Эта картина стоит у меня перед глазами так же ясно, как и другие. Мы все выходили из своих жилищ, собирались повсюду в группы и небольшие толпы и вглядывались в нечто большее, чем то холодное и белое, что столь внезапно накрыло нас.

Мы были высокими гибкими людьми, изящно, но крепко сложенными, с коричневой кожей, черными глазами и длинными прямыми черными волосами. В одежде и обстановке наших домов мы предпочитали сочные и живые цвета — ведь именно это мы и видели, когда смотрели на наш мир: обширная голубизна неба, бесконечная зелень листвы, наша красно-коричневая земля, горы, сверкающие пиритами и кварцами, блеск вод и солнца.

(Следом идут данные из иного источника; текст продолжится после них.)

(* Let $\Lambda\subseteq\mathbb Z$ (a finite chain $\{0,\dots,L-1\}$ or $\mathbb Z$) and let $H$ be a bounded self-adjoint operator on $\ell^2(\Lambda)\otimes\mathbb C^2$ such that $\sup_{x}\sum_{x'}\|H_{x,x'}\|e^{|x-x'|/d}\le K_d$ for some $d,K_d>0$. Let $f:\mathbb R\to\mathbb R$ be bounded with Fourier transform $\hat f$ (so that $f(E)=\frac1{2\pi}\int_{\mathbb R}\hat f(\omega)e^{i\omega E}\,d\omega$), and suppose there exist $\beta>0$, $C_\beta>0$ with $|\hat f(\omega)\,\omega|\le C_\beta e^{-\beta|\omega|}$ for all $\omega\in\mathbb R$. Then for all sites $x,y$, $$\|f(H)_{x,y}\|\le 4\Big(\|f\|_\infty+\frac{C_\beta K_d}{\beta}+C_\beta\frac{|x-y|}{d}\Big)e^{-|x-y|/d'},\qquad d'=d\max(1,K_d/\beta),$$ where $\|f\|_\infty=\sup_{E\in\mathbb R}|f(E)|$.
   Context: $T_{x,y}$ denotes the $2\times2$ matrix block of an operator $T$ between sites $x$ and $y$, and $\|\cdot\|$ is the operator norm. $f(H)$ is defined by the Weyl functional calculus $f(H)=\frac1{2\pi}\int_{\mathbb R}\hat f(\omega)e^{i\omega H}d\omega$, which coincides with the spectral definition. *)

theory Defs
  imports "HOL-Analysis.Analysis"
begin

text \<open>An operator on ell2(Lambda) tensor C^2 is represented by its 2x2 block kernel
  H x y :: complex^2^2 (x, y sites in Lambda, a subset of the integers).\<close>

type_synonym block = "complex^2^2"

definition blk_norm :: "block \<Rightarrow> real" where
  "blk_norm A = onorm (\<lambda>v::complex^2. A *v v)"

definition blk_adj :: "block \<Rightarrow> block" where
  "blk_adj A = (\<chi> i j. cnj (A $ j $ i))"

fun ker_pow :: "int set \<Rightarrow> (int \<Rightarrow> int \<Rightarrow> block) \<Rightarrow> nat \<Rightarrow> int \<Rightarrow> int \<Rightarrow> block" where
  "ker_pow Lam H 0 x y = (if x = y then mat 1 else 0)"
| "ker_pow Lam H (Suc n) x y = (\<Sum>\<^sub>\<infinity>z\<in>Lam. H x z ** ker_pow Lam H n z y)"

Нам даже и в голову не приходило задумываться о нашей гармонии с окружающим, но в тот день это произошло. Мы всегда казались самим себе не иначе как миловидными, но на фоне белого сверкания, все теперь покрывавшего, мы показались себе тусклыми и увядшими. Наша кожа стала желтой, а глаза сузились и растянулись, ибо мы могли переносить холодный блеск, только щуря их. Сочные цвета наших одежд стали грубыми. Мы стояли и дрожали из-за внезапно понизившейся температуры, и повсеместно можно было увидеть один и тот же невольный жест — жест людей, которые смотрели друг на друга и находили увиденное уродливым, а затем — когда они осознавали, что такое же впечатление сами производят на других, — опускали глаза и обхватывали себя руками, и не только из-за холода, но и потому, что нуждались в поддержке и утешении.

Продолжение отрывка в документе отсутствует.